Description of the task: Please repeat the records below exactly, but only from the line that contains "theory Defs" onward, ending with the last line.

[Stored data entries]
(* Let $\beta,\rho$ be simple closed curves in the plane that intersect in $\ell\ge 3$ points. Suppose that exactly one intersection point $z$ of $\beta$ and $\rho$ is tangential, and all other intersection points are crossings (transversal). Then there exists a digon $(\alpha,\gamma)$ of $(\beta,\rho)$ such that $\alpha\cup\gamma$ does not contain $z$.
   Context: A segment of a simple closed curve $\beta$ is a subset of $\beta$ homeomorphic to $[0,1]$. For non-disjoint simple closed curves $\beta,\rho$ in the plane, a digon of $(\beta,\rho)$ is a pair of segments $(\alpha,\gamma)$ with $\alpha\subseteq\beta$ and $\gamma\subseteq\rho$ such that (i) $\alpha$ and $\gamma$ have the same two endpoints $x,y$; (ii) the only points of $\beta$ in $\gamma$ are $x$ and $y$; (iii) the only points of $\rho$ in $\alpha$ are $x$ and $y$. An intersection point is a crossing if the curves meet transversally there, and tangential otherwise. *)

theory Defs
  imports "HOL-Analysis.Analysis"
begin

definition simple_closed_curve :: "complex set \<Rightarrow> bool" where
  "simple_closed_curve S \<longleftrightarrow>
     (\<exists>g. simple_path g \<and> pathfinish g = pathstart g \<and> path_image g = S)"

definition segment_between :: "complex set \<Rightarrow> complex \<Rightarrow> complex \<Rightarrow> bool" where
  "segment_between A x y \<longleftrightarrow>
     (\<exists>h k. homeomorphism {0..1::real} A h k \<and> h 0 = x \<and> h 1 = y)"

definition digon :: "complex set \<Rightarrow> complex set \<Rightarrow> complex set \<Rightarrow> complex set \<Rightarrow> bool" where
  "digon \<beta> \<rho> \<alpha> \<gamma> \<longleftrightarrow>
     (\<exists>x y. \<alpha> \<subseteq> \<beta> \<and> \<gamma> \<subseteq> \<rho> \<and>
        segment_between \<alpha> x y \<and> segment_between \<gamma> x y \<and>
        \<beta> \<inter> \<gamma> = {x, y} \<and> \<rho> \<inter> \<alpha> = {x, y})"

definition crossing_point :: "complex set \<Rightarrow> complex set \<Rightarrow> complex \<Rightarrow> bool" where
  "crossing_point \<beta> \<rho> z \<longleftrightarrow> z \<in> \<beta> \<inter> \<rho> \<and>
     (\<exists>g. arc g \<and> path_image g \<subseteq> \<rho> \<and> g (1/2) = z \<and> path_image g \<inter> \<beta> = {z} \<and>
          \<not> connected_component (- \<beta>) (g 0) (g 1))"

definition tangential_point :: "complex set \<Rightarrow> complex set \<Rightarrow> complex \<Rightarrow> bool" where
  "tangential_point \<beta> \<rho> z \<longleftrightarrow> z \<in> \<beta> \<inter> \<rho> \<and> \<not> crossing_point \<beta> \<rho> z"

end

Reply:
theory Defs
  imports "HOL-Analysis.Analysis"
begin

definition simple_closed_curve :: "complex set \<Rightarrow> bool" where
  "simple_closed_curve S \<longleftrightarrow>
     (\<exists>g. simple_path g \<and> pathfinish g = pathstart g \<and> path_image g = S)"

definition segment_between :: "complex set \<Rightarrow> complex \<Rightarrow> complex \<Rightarrow> bool" where
  "segment_between A x y \<longleftrightarrow>
     (\<exists>h k. homeomorphism {0..1::real} A h k \<and> h 0 = x \<and> h 1 = y)"

definition digon :: "complex set \<Rightarrow> complex set \<Rightarrow> complex set \<Rightarrow> complex set \<Rightarrow> bool" where
  "digon \<beta> \<rho> \<alpha> \<gamma> \<longleftrightarrow>
     (\<exists>x y. \<alpha> \<subseteq> \<beta> \<and> \<gamma> \<subseteq> \<rho> \<and>
        segment_between \<alpha> x y \<and> segment_between \<gamma> x y \<and>
        \<beta> \<inter> \<gamma> = {x, y} \<and> \<rho> \<inter> \<alpha> = {x, y})"

definition crossing_point :: "complex set \<Rightarrow> complex set \<Rightarrow> complex \<Rightarrow> bool" where
  "crossing_point \<beta> \<rho> z \<longleftrightarrow> z \<in> \<beta> \<inter> \<rho> \<and>
     (\<exists>g. arc g \<and> path_image g \<subseteq> \<rho> \<and> g (1/2) = z \<and> path_image g \<inter> \<beta> = {z} \<and>
          \<not> connected_component (- \<beta>) (g 0) (g 1))"

definition tangential_point :: "complex set \<Rightarrow> complex set \<Rightarrow> complex \<Rightarrow> bool" where
  "tangential_point \<beta> \<rho> z \<longleftrightarrow> z \<in> \<beta> \<inter> \<rho> \<and> \<not> crossing_point \<beta> \<rho> z"

end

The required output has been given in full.